• Directory
  • FAQ: about JURN
  • Group tests
  • Guide to academic search
  • JURN’s donationware
  • openEco: nature titles indexed

News from JURN

~ search tool for open access content

News from JURN

Monthly Archives: December 2016

The tyranny of “relevance” sorting

30 Friday Dec 2016

Posted by David Haden in My general observations

≈ Leave a comment

The tyranny of “relevance” sorting is rather wearing. Why is “relevance” the unchangeable default for various forms of search result? Because they’re so very rarely “relevant” (Google Search aside) and more often than not I’m looking for a “by date” ordering. I’ve been to the site before, and now I just want to see what’s new. If there’s one innovation I’d like to see in 2017 it’s a robust browser add-on, one which can be taught to identify the site’s relevance/date toggle and then auto-switches to “by date”.

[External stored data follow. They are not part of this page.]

definition cocomm_via :: "'c itself \<Rightarrow> 'a monoid \<Rightarrow> 'a topology \<Rightarrow> ('a \<Rightarrow> 'a)
    \<Rightarrow> 'b monoid \<Rightarrow> 'b topology \<Rightarrow> ('b \<Rightarrow> 'b) \<Rightarrow> bool" where
  "cocomm_via (_::'c itself) G1 T1 \<alpha>1 G2 T2 \<alpha>2 \<longleftrightarrow>
     (\<exists>(G::'c monoid) T \<alpha> \<phi>1 \<phi>2. cpair G T \<alpha>
        \<and> fk_epi G T G1 T1 \<phi>1 \<and> fk_epi G T G2 T2 \<phi>2
        \<and> (\<forall>x\<in>carrier G. \<phi>1 (\<alpha> x) = \<alpha>1 (\<phi>1 x))
        \<and> (\<forall>x\<in>carrier G. \<phi>2 (\<alpha> x) = \<alpha>2 (\<phi>2 x)))"

definition cocodom_via :: "'c itself \<Rightarrow> 'a monoid \<Rightarrow> 'a topology \<Rightarrow> ('a \<Rightarrow> 'a)
    \<Rightarrow> 'b monoid \<Rightarrow> 'b topology \<Rightarrow> ('b \<Rightarrow> 'b) \<Rightarrow> bool" where
  "cocodom_via (_::'c itself) H1 T1 \<alpha>1 H2 T2 \<alpha>2 \<longleftrightarrow>
     (\<exists>(L::'c monoid) S \<gamma> \<psi>1 \<psi>2. cpair L S \<gamma>
        \<and> fk_epi H1 T1 L S \<psi>1 \<and> fk_epi H2 T2 L S \<psi>2
        \<and> (\<forall>x\<in>carrier H1. \<gamma> (\<psi>1 x) = \<psi>1 (\<alpha>1 x))
        \<and> (\<forall>x\<in>carrier H2. \<gamma> (\<psi>2 x) = \<psi>2 (\<alpha>2 x)))"

end

theory Submission
  imports Defs
begin

text \<open>
  Symmetry is built into the definition and the identity gives reflexivity. The fibre product
  \<open>{(a, b). f a = g b}\<close> of finite-kernel epimorphisms \<open>f : A \<rightarrow> C\<close> and \<open>g : B \<rightarrow> C\<close> is a closed
  subgroup of \<open>A \<times> B\<close>, preserved by the product automorphism, and its projections are onto with
  kernels \<open>{1} \<times> ker g\<close> and \<open>ker f \<times> {1}\<close>. Over the middle group this gives transitivity, over a
  common quotient \<open>L\<close> the converse half of (2). For the direct half, if \<open>G\<close> covers \<open>G\<^sub>1\<close> and \<open>G\<^sub>2\<close>
  via \<open>\<phi>\<^sub>1, \<phi>\<^sub>2\<close>, then \<open>N = \<phi>\<^sub>1(ker \<phi>\<^sub>2)\<close> is a finite normal \<open>\<alpha>\<^sub>1\<close>-invariant subgroup of \<open>G\<^sub>1\<close>.
  Finiteness of \<open>N\<close> makes \<open>G\<^sub>1 \<rightarrow> G\<^sub>1/N\<close> a closed map, so \<open>G\<^sub>1/N\<close> is a compact Hausdorff group,
  and \<open>\<phi>\<^sub>2\<close> induces \<open>G\<^sub>2 \<rightarrow> G\<^sub>1/N\<close> since \<open>\<phi>\<^sub>2\<close>, a continuous surjection between compact
  Hausdorff spaces, is a quotient map.
\<close>

section \<open>Compact groups and finite-kernel epimorphisms\<close>

lemma compact_groupD:
  assumes "compact_group G T"
  shows "group G" and "topspace T = carrier G"
    and "continuous_map (prod_topology T T) T (\<lambda>(x, y). x \<otimes>\<^bsub>G\<^esub> y)"
    and "continuous_map T T (m_inv G)" and "compact_space T" and "Hausdorff_space T"
  using assms by (auto simp: compact_group_def)

lemma fk_epiD:
  assumes "fk_epi G T H S \<phi>"
  shows "\<phi> \<in> hom G H" and "continuous_map T S \<phi>" and "\<phi> ` carrier G = carrier H"
    and "finite (kernel G H \<phi>)"
  using assms by (auto simp: fk_epi_def)

lemma continuous_map_group_mult:
  assumes "compact_group G T" "continuous_map Z T u" "continuous_map Z T v"
  shows "continuous_map Z T (\<lambda>z. u z \<otimes>\<^bsub>G\<^esub> v z)"
  using continuous_map_compose[OF continuous_map_pairedI[OF assms(2,3)] compact_groupD(3)[OF assms(1)]]
  by (simp add: o_def)

lemma continuous_map_group_inv:
  assumes "compact_group G T" "continuous_map Z T u"
  shows "continuous_map Z T (\<lambda>z. inv\<^bsub>G\<^esub> u z)"
  using continuous_map_compose[OF assms(2) compact_groupD(4)[OF assms(1)]] by (simp add: o_def)

lemma homeomorphic_map_left_translation:
  assumes "compact_group G T" "a \<in> carrier G"
  shows "homeomorphic_map T T (\<lambda>x. a \<otimes>\<^bsub>G\<^esub> x)"
proof -
  interpret group G using compact_groupD(1)[OF assms(1)] .
  have "continuous_map T T (\<lambda>x. b \<otimes>\<^bsub>G\<^esub> x)" if "b \<in> carrier G" for b
    using that compact_groupD(2)[OF assms(1)] by (intro continuous_map_group_mult[OF assms(1)]) auto
  then have "homeomorphic_maps T T (\<lambda>x. a \<otimes>\<^bsub>G\<^esub> x) (\<lambda>x. inv\<^bsub>G\<^esub> a \<otimes>\<^bsub>G\<^esub> x)"
    using assms compact_groupD(2)[OF assms(1)] by (simp add: homeomorphic_maps_def m_assoc[symmetric])
  then show ?thesis
    using homeomorphic_map_maps by blast
qed

lemma top_group_autI:
  assumes "compact_group G T" "h \<in> hom G G" "bij_betw h (carrier G) (carrier G)"
    and "continuous_map T T h"
  shows "top_group_aut G T h"
  using assms continuous_imp_homeomorphic_map[OF assms(4)]
  by (auto simp: top_group_aut_def iso_def compact_group_def bij_betw_def)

Excel example sheet: Sort a list to retain only Names and remove the all-lowercase words

27 Tuesday Dec 2016

Posted by David Haden in JURN tips and tricks

≈ 1 Comment

Here’s a working Microsoft Excel 2007 .xlsx file (11kb) that has a simple formula to split a word list according to the case of each word’s starting letter. For instance, you have a list that runs…

Frodo
Merry
Pippin
riders
Gandalf
Sam
ponies
Strider
mushrooms

You want to remove all the words that do not start with a capital letter, since they are not likely to be personal names or place-names or species etc. Excel can’t do this ‘out of the box’, at least not with the various Sort buttons available in Excel 2007. Nor can plugins like ASAP Utilities. This spreadsheet results in a list with the all-lowercase words pushed down to the bottom of the sorted list, thus…

Frodo
Merry
Pippin
Gandalf
Sam
Strider
ponies
riders
mushrooms

It won’t work properly if you also have words in your list with a capital letter after the first letter, such as “naZgul”. Those words will be flagged as if they start with a capital letter. Numbers, on the other hand, are fine.

sort_lowercase_excel

A survey of automated book index making software

27 Tuesday Dec 2016

Posted by David Haden in JURN tips and tricks

≈ 6 Comments

Updated: 13th July 2020.

Want to home-brew a classic “back of the book” index from a Word file, ideally using freeware? Here are all the current software options I could find:


* TExtract can handle a wide variety of input files and seems to be favoured by pro book indexers. From $79 (use for a single title) to $595 (buy outright). Seems likely to take a while to learn.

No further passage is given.